Le livre n’est pas dénué d’humour d’ailleurs, il est très vivant, très réaliste. On comprend p. ex. le désarroi et la difficulté des généraux américains à comprendre l'ampleur de l'offensive, alors que toutes les communications sont coupées...

«Le général Troy MIDDLETON venait d’arriver à un P.C. de division avancé pour découvrir pourquoi la première attaque vers Houffalize avait échoué. Pendant qu’il s’entretenait avec ses officiers, son chauffeur s’était installé dans le couloir sur une chaise pour récupérer quelques instants de repos. Il commençait à sombrer dans le sommeil lorsque quelqu’un lui marcha lourdement sur le pied. Il se réveilla furieux:
Bougre de con! Tu ne vois pas que je veux dormir?»
Il reconnut devant lui le général George PATTON. PATTON recula en éclatant de rire:
«Mon vieux, tu est bien le premier connard que je voie aujourd’hui qui sache ce qu’il veut faire!» (Pg. 426).

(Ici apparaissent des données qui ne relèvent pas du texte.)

lemma pauli_if_conjugates_to_self:
  assumes "conjugates_to h pX pX" and "conjugates_to h pZ pZ"
  shows "\<exists>c q. q \<in> {pI, pX, pY, pZ} \<and> h = gscale c q"
proof -
  obtain a b c d where h: "h = mat2 a b c d"
    using mat2_eta by blast
  obtain k k' where
    kX: "gmult h pX = gscale k (gmult pX h)" and kZ: "gmult h pZ = gscale k' (gmult pZ h)"
    using assms unfolding conjugates_to_def by blast
  have "mat2 b a d c = gmult h pX"
    by (simp add: h gate1_mat2)
  also have "\<dots> = mat2 (k * c) (k * d) (k * a) (k * b)"
    unfolding kX by (simp add: h gate1_mat2)
  finally have X: "b = k * c" "a = k * d" "d = k * a" "c = k * b"
    unfolding mat2_eq_iff by blast+
  have "mat2 a (- b) c (- d) = gmult h pZ"
    by (simp add: h gate1_mat2)
  also have "\<dots> = mat2 (k' * a) (k' * b) (- (k' * c)) (- (k' * d))"
    unfolding kZ by (simp add: h gate1_mat2)
  finally have Z: "a = k' * a" "- b = k' * b" "c = - (k' * c)" "- d = - (k' * d)"
    unfolding mat2_eq_iff by blast+
  have "(b = 0 \<and> c = 0) \<or> (a = 0 \<and> d = 0)"
  proof (cases "k' = 1")
    case True
    then have "b + b = 0" "c + c = 0"
      using Z(2,3) by (simp_all add: eq_neg_iff_add_eq_0 neg_eq_iff_add_eq_0)
    then show ?thesis by simp
  next
    case False
    then show ?thesis using Z(1,4) by simp
  qed
  then consider "b = 0" "c = 0" "a = d" | "b = 0" "c = 0" "a = - d"
    | "a = 0" "d = 0" "c = b" | "a = 0" "d = 0" "c = - b"
    using eq_or_eq_neg_if_mutual_multiples[OF X(2,3)] eq_or_eq_neg_if_mutual_multiples[OF X(4,1)] by blast
  then show ?thesis
  proof cases
    case 1
    then have "h = gscale a pI" by (simp add: h gate1_mat2)
    then show ?thesis by blast
  next
    case 2
    then have "h = gscale a pZ" by (simp add: h gate1_mat2)
    then show ?thesis by blast
  next
    case 3
    then have "h = gscale b pX" by (simp add: h gate1_mat2)
    then show ?thesis by blast
  next
    case 4
    then have "h = gscale (\<i> * b) pY" by (simp add: h gate1_mat2 algebra_simps)
    then show ?thesis by blast
  qed
qed

definition pauli_XZ :: "bool \<Rightarrow> bool \<Rightarrow> gate1" where
  "pauli_XZ x z = gmult (if x then pX else pI) (if z then pZ else pI)"

lemma pauli_XZ_False_False [simp]: "pauli_XZ False False = pI"
  by (simp add: pauli_XZ_def)

lemma pauli_eq_gscale_pauli_XZ:
  assumes "p \<in> {pI, pX, pY, pZ}"
  shows "\<exists>c x z. c \<noteq> 0 \<and> p = gscale c (pauli_XZ x z)"
proof -
  have "pI = gscale 1 (pauli_XZ False False)" "pX = gscale 1 (pauli_XZ True False)"
    "pY = gscale \<i> (pauli_XZ True True)" "pZ = gscale 1 (pauli_XZ False True)"
    by (simp_all add: pauli_XZ_def gate1_mat2)
  then show ?thesis
    using assms by (metis complex_i_not_zero empty_iff insert_iff one_neq_zero)
qed

lemma paulis_conjugates_to_self:
  assumes "p \<in> {pI, pX, pY, pZ}" and "q \<in> {pI, pX, pY, pZ}"
  shows "conjugates_to q p p"
  unfolding conjugates_to_def
  by (rule exI[of _ "if p = q \<or> p = pI \<or> q = pI then 1 else -1"])
     (use assms in \<open>auto simp: gate1_mat2\<close>)

lemma gate_mat_conjugates_to_pX:
  "conjugates_to (gate_mat v) pX (pauli_XZ (v \<in> {GI, GP, GHP, GPHP}) (v \<in> {GP, GHP, GPH, GH}))"
  unfolding conjugates_to_def
  by (rule exI[of _ "case v of GP \<Rightarrow> \<i> | GHP \<Rightarrow> - \<i> | _ \<Rightarrow> 1"])
     (cases v; simp add: gate1_mat2 pauli_XZ_def algebra_simps inv_sqrt2_square)

lemma gate_mat_conjugates_to_pZ:
  "conjugates_to (gate_mat v) pZ (pauli_XZ (v \<in> {GHP, GPHP, GPH, GH}) (v \<in> {GI, GP, GPH, GPHP}))"
  unfolding conjugates_to_def
  by (rule exI[of _ "case v of GPHP \<Rightarrow> \<i> | GPH \<Rightarrow> \<i> | _ \<Rightarrow> 1"])
     (cases v; simp add: gate1_mat2 pauli_XZ_def algebra_simps inv_sqrt2_square)

lemma gate_with_pauli_images:
  assumes "x \<or> z" and "x' \<or> z'" and "(x, z) \<noteq> (x', z')"
  shows "\<exists>v. x = (v \<in> {GI, GP, GHP, GPHP}) \<and> z = (v \<in> {GP, GHP, GPH, GH})
           \<and> x' = (v \<in> {GHP, GPHP, GPH, GH}) \<and> z' = (v \<in> {GI, GP, GPH, GPHP})"
  using assms
  by (cases x; cases z; cases x'; cases z')
     (auto intro: exI[of _ GI] exI[of _ GP] exI[of _ GHP] exI[of _ GPHP] exI[of _ GPH] exI[of _ GH])

lemma conjugates_to_pauli_XZ_if_pauli_image:
  assumes "unitary1 g" and "pauli_up_to_phase (gmult (gmult g P) (gadj g))"
  shows "\<exists>x z. conjugates_to g P (pauli_XZ x z)"
proof -
  obtain s p where "s \<noteq> 0" "p \<in> {pI, pX, pY, pZ}" and sp: "gmult (gmult g P) (gadj g) = gscale s p"
    using assms(2) unfolding pauli_up_to_phase_def by blast
  then obtain c x z where "c \<noteq> 0" and p: "p = gscale c (pauli_XZ x z)"
    using pauli_eq_gscale_pauli_XZ by blast
  have "gmult g P = gmult (gmult (gmult g P) (gadj g)) g"
    using assms(1) unfolding unitary1_def by (simp add: gmult_assoc)
  also have "\<dots> = gscale (s * c) (gmult (pauli_XZ x z) g)"
    by (simp add: sp p gmult_gscale_left gscale_gscale)
  finally show ?thesis
    unfolding conjugates_to_def using \<open>s \<noteq> 0\<close> \<open>c \<noteq> 0\<close> by (intro exI[of _ "s * c"] exI) simp
qed

lemma clifford1_pauli_images:
  assumes "clifford1 g"
  obtains x z x' z' where "conjugates_to g pX (pauli_XZ x z)" and "conjugates_to g pZ (pauli_XZ x' z')"
    and "x \<or> z" and "x' \<or> z'" and "(x, z) \<noteq> (x', z')"
proof -
  have u: "unitary1 g"
    using assms unfolding clifford1_def by blast
  obtain x z x' z' where X: "conjugates_to g pX (pauli_XZ x z)" and Z: "conjugates_to g pZ (pauli_XZ x' z')"
    using assms conjugates_to_pauli_XZ_if_pauli_image[OF u] unfolding clifford1_def by metis
  have "x \<or> z"
  proof (rule ccontr)
    assume "\<not> (x \<or> z)"
    then have "conjugates_to g pX pI"
      using X by simp
    then obtain c where "pI = gscale c pX"
      using conjugates_to_same_image[OF u _ conjugates_to_pI] by blast
    then show False by (auto simp: gate1_mat2)
  qed
  moreover have "x' \<or> z'"
  proof (rule ccontr)
    assume "\<not> (x' \<or> z')"
    then have "conjugates_to g pZ pI"
      using Z by simp
    then obtain c where "pI = gscale c pZ"
      using conjugates_to_same_image[OF u _ conjugates_to_pI] by blast
    then show False by (auto simp: gate1_mat2)
  qed
  moreover have "(x, z) \<noteq> (x', z')"
  proof
    assume "(x, z) = (x', z')"
    then obtain c where "pZ = gscale c pX"
      using conjugates_to_same_image[OF u X] Z by auto
    then show False by (auto simp: gate1_mat2)
  qed
  ultimately show thesis
    using that X Z by blast
qed

lemma clifford1_eq_gscale_gate_mat_pauli:
  assumes "clifford1 g"
  shows "\<exists>v q c. q \<in> {pI, pX, pY, pZ} \<and> cmod c = 1 \<and> g = gscale c (gmult (gate_mat v) q)"
proof -
  obtain x z x' z' where X: "conjugates_to g pX (pauli_XZ x z)" and Z: "conjugates_to g pZ (pauli_XZ x' z')"
    and nondeg: "x \<or> z" "x' \<or> z'" "(x, z) \<noteq> (x', z')"
    using clifford1_pauli_images[OF assms] .
  obtain v where "x = (v \<in> {GI, GP, GHP, GPHP})" "z = (v \<in> {GP, GHP, GPH, GH})"
    "x' = (v \<in> {GHP, GPHP, GPH, GH})" "z' = (v \<in> {GI, GP, GPH, GPHP})"
    using gate_with_pauli_images[OF nondeg] by blast
  then have GX: "conjugates_to (gate_mat v) pX (pauli_XZ x z)"
    and GZ: "conjugates_to (gate_mat v) pZ (pauli_XZ x' z')"
    using gate_mat_conjugates_to_pX gate_mat_conjugates_to_pZ by simp_all
  define G where "G = gate_mat v"
  have uG: "unitary1 G"
    unfolding G_def by (rule gate_mat_unitary)
  have "conjugates_to (gmult (gadj G) g) pX pX" and "conjugates_to (gmult (gadj G) g) pZ pZ"
    using conjugates_to_gmult[OF conjugates_to_gadj[OF uG] X] GX
      conjugates_to_gmult[OF conjugates_to_gadj[OF uG] Z] GZ
    unfolding G_def by simp_all
  then obtain c q where q: "q \<in> {pI, pX, pY, pZ}" and cq: "gmult (gadj G) g = gscale c q"
    using pauli_if_conjugates_to_self by blast
  have "g = gmult G (gmult (gadj G) g)"
    using uG unfolding unitary1_def by (simp flip: gmult_assoc)
  then have g: "g = gscale c (gmult G q)"
    by (simp add: cq gmult_gscale_right)
  have "cmod c = 1"
    using unitary1_gscale_imp_cmod[OF unitary1_gmult[OF uG pauli_unitary[OF q]]] assms g
    unfolding clifford1_def by simp
  then show ?thesis
    using g q unfolding G_def by blast
qed

lemma clifford_form_conjugates_to_pX_power:
  assumes "q \<in> {pI, pX, pY, pZ}"
  shows "conjugates_to (gscale c (gmult (gate_mat v) q)) (if a then pX else pI)
           (pauli_XZ (a \<and> v \<in> {GI, GP, GHP, GPHP}) (a \<and> v \<in> {GP, GHP, GPH, GH}))"
  using conjugates_to_gmult[OF gate_mat_conjugates_to_pX paulis_conjugates_to_self[OF _ assms]]
  by (cases a) (simp_all add: conjugates_to_gscale)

Mais on ressent aussi parfaitement p. ex. la peur des populations luxembourgeoises de Diekirch, Clervaux et Wiltz, qui se terrent dans leurs caves, - sans rien à manger et rien pour se chauffer alors que l'hiver est très rude -, afin d'éviter les bombardements, ennemis comme amis, d'ailleurs. Mais aussi la fuite des civils (à Bastogne p. ex.) voyant que les nazis reviennent occuper leurs villes, la confusion extrême qui règne parmi les troupes américaines lors des premiers jours de l'offensive, le froid intense qui paralyse le matériel et l’empêche de fonctionner, le fanatisme des troupes SS, qui n’hésitèrent pas à massacrer des prisonniers américains et des civils belges, le courage des GI’s qui parfois donnèrent leur vie pour défendre quelques centaines de mètres de terrain...

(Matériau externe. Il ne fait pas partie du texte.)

lemma WH_constraint_bounds:
  fixes a b x y z :: real
  assumes "x < 0" and "0 < y" and "0 < z"
    and "a\<^sup>2 + b\<^sup>2 + (3/4) * (x\<^sup>2 + y\<^sup>2 + z\<^sup>2 - 2 * (x * y + y * z + x * z)) = 1"
  shows "a\<^sup>2 + b\<^sup>2 \<le> 1" and "- x * y \<le> 2/3" and "- x * z \<le> 2/3"
proof -
  have split: "4 * a\<^sup>2 + 4 * b\<^sup>2 + 3 * x\<^sup>2 + 3 * (y - z)\<^sup>2 + 6 * (- x * y) + 6 * (- x * z) = 4"
    using assms(4) unfolding power2_eq_square by algebra
  have "0 \<le> - x * y" "0 \<le> - x * z"
    using assms(1-3) by (simp_all add: mult_le_0_iff)
  with split show "a\<^sup>2 + b\<^sup>2 \<le> 1" "- x * y \<le> 2/3" "- x * z \<le> 2/3"
    using zero_le_power2[of a] zero_le_power2[of b] zero_le_power2[of x] zero_le_power2[of "y - z"]
    by linarith+
qed

lemma WH_constraint_product_bounds:
  fixes a b x y z :: real
  assumes "x < 0" and "0 < y" and "0 < z"
    and "a\<^sup>2 + b\<^sup>2 + (3/4) * (x\<^sup>2 + y\<^sup>2 + z\<^sup>2 - 2 * (x * y + y * z + x * z)) = 1"
  shows "3/2 * (- x * y * z) \<le> y" and "3/2 * (- x * y * z) \<le> z" and "\<bar>x\<bar> \<le> 2/3 * inverse y"
proof -
  have "(- x * z) * y \<le> 2/3 * y" and "(- x * y) * z \<le> 2/3 * z"
    using mult_right_mono[OF WH_constraint_bounds(3)[OF assms]] mult_right_mono[OF WH_constraint_bounds(2)[OF assms]]
      assms(2,3) by simp_all
  moreover have "- x * y * z = (- x * z) * y" and "- x * y * z = (- x * y) * z"
    by (simp_all add: mult_ac)
  ultimately show "3/2 * (- x * y * z) \<le> y" and "3/2 * (- x * y * z) \<le> z"
    by argo+
  show "\<bar>x\<bar> \<le> 2/3 * inverse y"
    using WH_constraint_bounds(2)[OF assms] assms(1,2) by (simp add: inverse_eq_divide le_divide_eq)
qed

lemma WH_solution_constraint:
  assumes "WH_solution N1 N2 N3 Sp Sm"
  shows "(Sp t)\<^sup>2 + (Sm t)\<^sup>2 + (3/4) * ((N1 t)\<^sup>2 + (N2 t)\<^sup>2 + (N3 t)\<^sup>2
           - 2 * (N1 t * N2 t + N2 t * N3 t + N1 t * N3 t)) = 1"
  using assms unfolding WH_solution_def by blast

definition WH_lyapunov :: "real \<Rightarrow> real \<Rightarrow> real \<Rightarrow> real \<Rightarrow> real \<Rightarrow> real" where
  "WH_lyapunov sp sm n1 n2 n3 = sp - 2 / sqrt 3 * imbalance n2 n3 * sm + 2 * ln (- n1 * n2 * n3)"

definition WH_lyapunov_rate :: "real \<Rightarrow> real \<Rightarrow> real \<Rightarrow> real \<Rightarrow> real \<Rightarrow> real" where
  "WH_lyapunov_rate sp sm n1 n2 n3 =
     - (2 - WH_q sp sm) * (sp - 2 / sqrt 3 * imbalance n2 n3 * sm)
     - 4 * sm\<^sup>2 * (1 - (imbalance n2 n3)\<^sup>2)
     + 2 * sqrt 3 * imbalance n2 n3 * WH_Sm n1 n2 n3 - 3 * WH_Sp n1 n2 n3 + 6 * WH_q sp sm"

lemma WH_lyapunov_rate_ge:
  fixes a b x y z :: real
  assumes "x < 0" and "0 < y" and "0 < z"
    and constraint: "a\<^sup>2 + b\<^sup>2 + (3/4) * (x\<^sup>2 + y\<^sup>2 + z\<^sup>2 - 2 * (x * y + y * z + x * z)) = 1"
  shows "1/2 \<le> WH_lyapunov_rate a b x y z"
proof -
  define u where "u = imbalance y z"
  define n where "n = y + z"
  define d where "d = y - z"
  have "0 < n" and "x * n \<le> 0"
    using assms(1-3) by (simp_all add: n_def mult_le_0_iff)
  have "a\<^sup>2 + b\<^sup>2 \<le> 1"
    using WH_constraint_bounds[OF assms] by simp
  then have q: "0 \<le> 2 - WH_q a b" "2 - WH_q a b \<le> 2"
    by (simp_all add: WH_q_def)
  have amgm: "2 * c * \<bar>r\<bar> \<le> 1/4 + 4 * c\<^sup>2 * r\<^sup>2" for c r :: real
  proof -
    have "0 \<le> (2 * c * \<bar>r\<bar> - 1/2)\<^sup>2" by simp
    then show ?thesis by (simp add: power2_eq_square algebra_simps abs_mult_self_eq)
  qed
  have "\<bar>a - 2 / sqrt 3 * u * b\<bar> \<le> \<bar>a\<bar> + 2 / sqrt 3 * \<bar>b\<bar>"
    unfolding u_def by (rule abs_diff_scaled_le) (use assms(2,3) abs_imbalance_le_1 in auto)
  then have "\<bar>(2 - WH_q a b) * (a - 2 / sqrt 3 * u * b)\<bar> \<le> 2 * (\<bar>a\<bar> + 2 / sqrt 3 * \<bar>b\<bar>)"
    unfolding abs_mult using q by (intro mult_mono) auto
  moreover have "2 * (\<bar>a\<bar> + 2 / sqrt 3 * \<bar>b\<bar>) \<le> 1/2 + 4 * a\<^sup>2 + (16/3) * b\<^sup>2"
    using amgm[of 1 a] amgm[of "2 / sqrt 3" b] by (simp add: power_divide)
  ultimately have damping: "- (1/2 + 4 * a\<^sup>2 + (16/3) * b\<^sup>2) \<le> - (2 - WH_q a b) * (a - 2 / sqrt 3 * u * b)"
    unfolding mult_minus_left by (meson abs_le_D1 order.trans neg_le_iff_le)
  have shear: "4 * b\<^sup>2 * (1 - u\<^sup>2) \<le> 4 * b\<^sup>2"
    by (simp add: algebra_simps)
  have "2 * sqrt 3 * u * WH_Sm x y z = 3 * d\<^sup>2 * (n - x) / n"
    using \<open>0 < n\<close> by (simp add: u_def imbalance_def WH_Sm_def n_def d_def field_simps power2_eq_square)
  moreover have "3 * d\<^sup>2 \<le> 3 * d\<^sup>2 * (n - x) / n"
    using \<open>0 < n\<close> \<open>x < 0\<close> by (simp add: le_divide_eq mult_left_mono)
  ultimately have curvature_minus: "3 * d\<^sup>2 \<le> 2 * sqrt 3 * u * WH_Sm x y z"
    by simp
  have curvature_plus: "- 3 * WH_Sp x y z = 3 * x\<^sup>2 - (3/2) * (x * n) - (3/2) * d\<^sup>2"
    unfolding WH_Sp_def n_def d_def power2_eq_square by (simp add: field_simps)
  have "(3/4) * (x\<^sup>2 + d\<^sup>2 - 2 * (x * n)) = 1 - a\<^sup>2 - b\<^sup>2"
    using constraint unfolding n_def d_def power2_eq_square by algebra
  then show ?thesis
    unfolding WH_lyapunov_rate_def u_def[symmetric]
    using damping shear curvature_minus curvature_plus \<open>x * n \<le> 0\<close> WH_q_def[of a b]
      zero_le_power2[of a] zero_le_power2[of b] zero_le_power2[of x] zero_le_power2[of d]
    by argo
qed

«Les camions arrivèrent et les croque-morts militaires commencèrent le chargement. L’un pris le corps par les pieds, l’autre par les épaules…
«Un, deux, trois, enlevez!»
Le cadavre, dur comme une planche, fut projeté en l’air et alla cogner violemment les parois du camion.
Un des parachutistes volontaires s’avança vers les croque-morts. Le visage blême de haine, il leur dit: «Recommencez encore une fois comme cela, et je vous fais sauter la cervelle!».
Les autres ne répondirent pas. Mais ils soulevèrent délicatement le corps suivant et le posèrent doucement dans le camion comme si c’était encore un homme.» (Pg. 502-503).

Assurément un des meilleurs livres sur la Deuxième Guerre Mondiale qu'il m'ai été donné de lire!..

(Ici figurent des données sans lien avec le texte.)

text \<open>
  Conjugating \<open>\<psi>\<close> by permutations of the variables gives every elementary quadratic
  automorphism \<open>x\<^sub>i \<mapsto> x\<^sub>i + c x\<^sub>l x\<^sub>j\<close> (\<open>i, l, j\<close> distinct, \<open>c = \<plusminus>1\<close>); the cyclic
  \<open>\<psi>\<^sub>i\<close> are among them. The commutator of \<open>x\<^sub>l \<mapsto> x\<^sub>l + \<beta> x\<^sub>j\<^sup>k\<close> with
  \<open>x\<^sub>i \<mapsto> x\<^sub>i + x\<^sub>l x\<^sub>j\<close> is \<open>x\<^sub>i \<mapsto> x\<^sub>i + \<beta> x\<^sub>j\<^sup>k\<^sup>+\<^sup>1\<close>, so induction on \<open>k\<close>, starting from
  the linear case \<open>k = 1\<close>, yields all \<open>\<phi>\<^sub>i\<^sub>,\<^sub>j\<^sub>,\<^sub>k\<^sub>,\<^sub>\<beta>\<close>.
\<close>

definition subst_monom :: "(nat \<Rightarrow> 'a::comm_ring_1 mpoly) \<Rightarrow> (nat \<Rightarrow>\<^sub>0 nat) \<Rightarrow> 'a mpoly" where
  "subst_monom s m = (\<Prod>i\<in>Poly_Mapping.keys m. s i ^ Poly_Mapping.lookup m i)"

lemma subst_monom_superset:
  assumes "finite S" "Poly_Mapping.keys m \<subseteq> S"
  shows "subst_monom s m = (\<Prod>i\<in>S. s i ^ Poly_Mapping.lookup m i)"
  unfolding subst_monom_def using assms by (intro prod.mono_neutral_left) (auto simp: in_keys_iff)

lemma subst_monom_0 [simp]: "subst_monom s 0 = 1"
  by (simp add: subst_monom_def)

lemma subst_monom_add: "subst_monom s (a + b) = subst_monom s a * subst_monom s b"
proof -
  let ?S = "Poly_Mapping.keys a \<union> Poly_Mapping.keys b"
  have "subst_monom s (a + b) = (\<Prod>i\<in>?S. s i ^ Poly_Mapping.lookup (a + b) i)"
    by (rule subst_monom_superset) (use keys_add[of a b] in auto)
  also have "\<dots> = (\<Prod>i\<in>?S. s i ^ Poly_Mapping.lookup a i) * (\<Prod>i\<in>?S. s i ^ Poly_Mapping.lookup b i)"
    by (simp add: lookup_add power_add prod.distrib)
  also have "\<dots> = subst_monom s a * subst_monom s b"
    by (simp add: subst_monom_superset[symmetric])
  finally show ?thesis .
qed

lemma msubst_eq_sum_subst_monom:
  "msubst s p = (\<Sum>m\<in>Poly_Mapping.keys p. mConst (Poly_Mapping.lookup p m) * subst_monom s m)"
  by (simp add: msubst_def subst_monom_def)

lemma mConst_0 [simp]: "mConst 0 = 0"
  by (simp add: mConst_def)

lemma mConst_1 [simp]: "mConst 1 = 1"
  by (simp add: mConst_def)

lemma mConst_add: "mConst (a + b) = mConst a + mConst b"
  by (simp add: mConst_def single_add)

lemma mConst_uminus: "mConst (- a) = - mConst a"
  by (simp add: mConst_def single_uminus)

lemma mConst_mult: "mConst (a * b) = mConst a * mConst b"
  by (simp add: mConst_def mult_single)

lemma poly_mapping_eq_sum_single:
  "p = (\<Sum>m\<in>Poly_Mapping.keys p. Poly_Mapping.single m (Poly_Mapping.lookup p m))"
  by (rule poly_mapping_eqI) (simp add: lookup_sum lookup_single when_def in_keys_iff)

lemma msubst_0 [simp]: "msubst s 0 = 0"
  by (simp add: msubst_def)

lemma msubst_add: "msubst s (p + q) = msubst s p + msubst s q"
  unfolding msubst_eq_sum_subst_monom
  by (rule setsum_keys_plus_distrib) (simp_all add: mConst_add distrib_right)

lemma msubst_sum: "msubst s (sum f A) = (\<Sum>x\<in>A. msubst s (f x))"
  by (induction A rule: infinite_finite_induct) (simp_all add: msubst_add)

lemma msubst_single: "msubst s (Poly_Mapping.single m c) = mConst c * subst_monom s m"
  by (simp add: msubst_eq_sum_subst_monom)

lemma msubst_mult: "msubst s (p * q) = msubst s p * msubst s q"
proof -
  let ?P = "Poly_Mapping.keys p" and ?Q = "Poly_Mapping.keys q"
  have "p * q = (\<Sum>a\<in>?P. Poly_Mapping.single a (Poly_Mapping.lookup p a))
              * (\<Sum>b\<in>?Q. Poly_Mapping.single b (Poly_Mapping.lookup q b))"
    using poly_mapping_eq_sum_single[of p] poly_mapping_eq_sum_single[of q] by simp
  also have "\<dots> = (\<Sum>a\<in>?P. \<Sum>b\<in>?Q.
                   Poly_Mapping.single (a + b) (Poly_Mapping.lookup p a * Poly_Mapping.lookup q b))"
    by (simp add: sum_product mult_single)
  finally have "msubst s (p * q) = (\<Sum>a\<in>?P. \<Sum>b\<in>?Q.
      (mConst (Poly_Mapping.lookup p a) * subst_monom s a) * (mConst (Poly_Mapping.lookup q b) * subst_monom s b))"
    by (simp add: msubst_sum msubst_single subst_monom_add mConst_mult mult_ac)
  also have "\<dots> = msubst s p * msubst s q"
    by (simp add: msubst_eq_sum_subst_monom sum_product)
  finally show ?thesis .
qed

lemma msubst_mConst [simp]: "msubst s (mConst c) = mConst c"
  by (simp add: mConst_def msubst_single)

P.S. : Pour ceux qui l’auraient vu, oubliez le film La Bataille des Ardennes (Battle of the Bulge, 1965) du réalisateur américain Ken ANNAKIN (1914 – 2009)! Malgré son casting cinq étoiles, - avec entre autres, Henry FONDA, Telly SAVALAS, Charles BRONSON, Robert RYAN -, etc… Et malgré son côté spectaculaire, s’avère n’être qu’une... Très mauvaise reconstitution des faits historiques! Et avec très peu de pertinence! Il y a notamment des erreurs dans les dates, les lieux, les batailles, le matériel, les événements et leur tournure, et même les noms des personnages ayant vraiment existé!
Ainsi p. ex. le Colonel SS nazi Hessler (interprété par l’acteur britannique Robert SHAW), s’appelait en réalité Joachim PEIPER (1915 – 1976, 6e Armée de panzer SS), et ne décéda pas dans les circonstances que l’on voit dans le film, puisque cette bataille n’eut jamais lieu dans la réalité!